I think this is a good lens through which to understand the work of people designing renewable energy systems like @mzjacobson, @ChristianOnRE, @nworbmot, me and many others.

Allow me to explain.
The current energy system is like a simple factory: dig>burn>use.
We control *when* we produce energy.

I understand the appeal of this simplicity and of domineering and being in control.

Also, it feels familiar to resort to burning stuff. We've been doing that since the start.
But although it is simple, it is also clunky, wastefull and unsustainable. Did you know we are burning oil a million times faster than it was formed?

Apart from that, this simple system pollutes our environment and causes climate change.

The alternative is to learn from nature.
In a natural ecosystem like a forest or a human body, things are rarely simple. Rather we speak of a complex adaptive system or CAS.

In a CAS, nobody is the boss.

Components are independent but they also rely on each other. Like humans in a happy family or company.
A CAS has many many degrees of freedom which makes very flexible, robust and resilient. It is not a 'one trick pony' but something that can adapt to different circumstances.
Back to energy systems. Solar, wind, hydro and many many other energy sources can deliver thousands of times more energy than we need and we can keep tapping their energy as long as the sun continues to shine.
But just as we cannot harvest our food on demand but have to deal with the seasons, we cannot harvest solar and wind on demand.

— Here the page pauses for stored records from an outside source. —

lemma laplace_full_gen_inverse:
  assumes ug: "(u, g) \<in> full_gen T" and l: "l > \<omega>\<^sub>0"
  shows "laplace T l (\<lambda>x. l * u x - g x) = u"
proof
  fix x
  have u: "u \<in> Bb" and g: "g \<in> Bb"
    and evolution: "\<And>t. t > 0 \<Longrightarrow> T t u x - u x = (\<integral>s. indicator {0<..t} s * T s g x \<partial>lborel)"
    using ug unfolding full_gen_def set_lebesgue_integral_def by auto
  interpret exp_bounded "orbit g x" "M * supn g" \<omega>\<^sub>0 l
    by (rule exp_bounded_orbit[OF g l])
  define \<Gamma> where "\<Gamma> t = (\<integral>s. indicator {0<..t} s * orbit g x s \<partial>lborel)" for t
  have split: "indicator {0<..} t * (exp (- l * t) * T t u x)
      = u x * (indicator {0<..} t * exp (- l * t)) + indicator {0<..} t * (exp (- l * t) * \<Gamma> t)" for t
  proof (cases "t > 0")
    case True
    have "\<Gamma> t = (\<integral>s. indicator {0<..t} s * T s g x \<partial>lborel)"
      unfolding \<Gamma>_def orbit_def by (intro Bochner_Integration.integral_cong refl) (auto simp: indicator_def)
    then show ?thesis
      using evolution[OF True] True by (simp add: algebra_simps)
  qed simp
  have exp_int: "integrable lborel (\<lambda>t. u x * (indicator {0<..} t * exp (- l * t)))"
    using integrable_exp_neg_Ioi[OF l_pos, of 0] by simp
  have "(\<lambda>t. indicator {0<..} t * (exp (- l * t) * \<Gamma> t))
      = (\<lambda>t. indicator {0<..} t * (exp (- l * t) * T t u x) - u x * (indicator {0<..} t * exp (- l * t)))"
    using split by (simp add: fun_eq_iff)
  then have \<Gamma>_int: "integrable lborel (\<lambda>t. indicator {0<..} t * (exp (- l * t) * \<Gamma> t))"
    using integrable_laplace_integrand[OF u l, of x] exp_int by simp
  have "laplace T l u x
      = u x * (\<integral>t. indicator {0<..} t * exp (- l * t) \<partial>lborel) + (\<integral>t. indicator {0<..} t * (exp (- l * t) * \<Gamma> t) \<partial>lborel)"
    unfolding laplace_eq_integral split using exp_int \<Gamma>_int by simp
  then have "l * laplace T l u x = u x + laplace T l g x"
    using integral_exp_neg_Ioi[OF l_pos, of 0] laplace_primitive l_pos
    by (simp add: laplace_eq_tail \<Gamma>_def distrib_left)
  then show "laplace T l (\<lambda>x. l * u x - g x) x = u x"
    using laplace_diff[OF Bb_cmult[OF u] g l] laplace_cmult[OF u] by simp
qed

lemma resolvent_identity:
  assumes h: "h \<in> Bb" and l: "l > \<omega>\<^sub>0" and m: "m > \<omega>\<^sub>0"
  shows "laplace T l h = laplace T m (\<lambda>x. h x + (m - l) * laplace T l h x)"
proof -
  have "laplace T m (\<lambda>x. m * laplace T l h x - (l * laplace T l h x - h x)) = laplace T l h"
    by (rule laplace_full_gen_inverse[OF laplace_full_gen[OF h l] m])
  moreover have "(\<lambda>x. m * laplace T l h x - (l * laplace T l h x - h x)) = (\<lambda>x. h x + (m - l) * laplace T l h x)"
    by (auto simp: algebra_simps)
  ultimately show ?thesis by simp
qed

lemma wconv_laplace:
  assumes hs: "\<And>n. hs n \<in> Bb" and h: "h \<in> Bb" and conv: "wconv hs h" and l: "l > \<omega>\<^sub>0"
  shows "wconv (\<lambda>n. laplace T l (hs n)) (laplace T l h)"
proof -
  obtain C where C: "\<And>n x. \<bar>hs n x\<bar> \<le> C" and lim: "\<And>x. (\<lambda>n. hs n x) \<longlonglongrightarrow> h x"
    using conv unfolding wconv_def by blast
  have "\<bar>laplace T l (hs n) x\<bar> \<le> M * C / (l - \<omega>\<^sub>0)" for n x
  proof -
    have "\<bar>laplace T l (hs n) x\<bar> \<le> M * supn (hs n) / (l - \<omega>\<^sub>0)"
      by (rule abs_laplace_le[OF hs l])
    also have "\<dots> \<le> M * C / (l - \<omega>\<^sub>0)"
      using l M_nonneg supn_le[OF C] by (intro divide_right_mono mult_left_mono) auto
    finally show ?thesis .
  qed
  then show ?thesis
    unfolding wconv_def using laplace_dominated_convergence[OF hs h C lim l] by blast
qed

end

section \<open>Perturbed resolvents\<close>

lemma admissible_pertD:
  assumes "admissible_pert T \<omega> D Bop"
  shows "Domain (full_gen T) \<subseteq> D" "\<And>f. f \<in> D \<Longrightarrow> Bop f \<in> Bb"
    "\<And>f g. f \<in> D \<Longrightarrow> g \<in> D \<Longrightarrow> Bop (\<lambda>x. f x + g x) = (\<lambda>x. Bop f x + Bop g x)"
    "\<And>f c. f \<in> D \<Longrightarrow> Bop (\<lambda>x. c * f x) = (\<lambda>x. c * Bop f x)"
    "\<And>f c. f \<in> D \<Longrightarrow> (\<lambda>x. c * f x) \<in> D"
    "\<And>l. l > \<omega> \<Longrightarrow> kernel_op (\<lambda>f. Bop (laplace T l f))"
  using assms unfolding admissible_pert_def by blast+

context strong_Feller_kernel_semigroup
begin

lemma laplace_in_domain:
  assumes A: "admissible_pert T \<omega> D Bop" and h: "h \<in> Bb" and l: "l > \<omega>\<^sub>0"
  shows "laplace T l h \<in> D"
  using laplace_full_gen[OF h l] admissible_pertD(1)[OF A] by blast

lemma kernel_contraction_perturbation:
  assumes A: "admissible_pert T \<omega> D Bop" and l: "l > \<omega>\<^sub>0"
    and bound: "op_bound (\<lambda>h. Bop (laplace T l h)) q" and q: "q < 1"
  shows "kernel_contraction q (\<lambda>h. Bop (laplace T l h))"
  unfolding kernel_contraction_def
  using admissible_pertD(6)[OF A] admissible_pertD(2)[OF A laplace_in_domain[OF A _ l]] \<omega>_le_\<omega>\<^sub>0 l bound q
  by auto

Instead we must learn to 'go with the flow' a bit more. And we must learn to smartly store 'fresh' energy. Like in an ecosystem.
A great example of going with the flow is charging electric vehicles when there is excess solar and wind. They stand still 23 hours a day so that's easy. Our simulations show this can eliminate all peaks on the electricity grid and lead to increased use of solar and wind.
Another great example is in the metal industry where they can melt the metal when electricity is cheap, keep it warm for a while, and then use it when there is demand in the factory for molten metal.
The same is true for heat pumps and in the future maybe even washing mashines and dryers. We have to discover where we can be flexible without inconveniencing ourselves.
The next step is optimising storage and interconnectivity. Batteries, hydrogen, metal fuels, heat storage, gravity storage... there are literally dozens of interesting storage technologogies that will each find their niche in the new ecosystem.
The biggest upset here is the rediscovery of batteries after 100 years of stagnation in which only lead-acid was used. Now we have lithium batteries that are plummeting in cost while longevity skyrockets. Soon solid state, air batteries and graphene will quicken the pace.
And interconnectivity means power lines and pipelines can ship sun and wind around the earth without the need to store it. New developments like high voltage direct current (HVDC) can transport electricity over large distances and even through seas with small losses.
I would also not be surprised if superconductivity and materials like graphene take this entirely new levels. Then we would really have a world wide web of energy.
Which brings me to the last puzzle piece: the Internet. The Internet will act like the nervous system of this superorganism.
If you take our current dig>burn>use energy industry and you add large amounts of wind, solar and hydro it looks as if that is hard and expensive. But that's mainly because you apply an outdated mindset.
What people like @mzjacobson, @ChristianOnRE, @nworbmot show us is that as you seek flexibility and add new types of storage and new market models, system costs go down.
And then we find that *yes*, we can really have clean and abundant energy forever against lower cost.

The only question that remains is: how we can make the transition as fast and smooth as possible with manageagble investments?
That is a complex question since renewable technologies constantly improve while you must also deal with human preferences, politics, financial markets and local conditions.

(I will research this question the coming 5 years with a large team in the NEON research project.)
Bottom line:

The renewable energy system of the future will be less like a traditional industry and more like an ecology. (Jargon: complex adaptive system.)

Once you look at it like that and add all the puzzle pieces you will see we can have abundant cheap clean energy forever.
Apparently this message resonates. Would love to 'flesh it out' further so I can make ppl understand the new system is not a problem but simply different. Any tips?

So what metaphor struck a chord with you and why?

Anything you would add or leave out?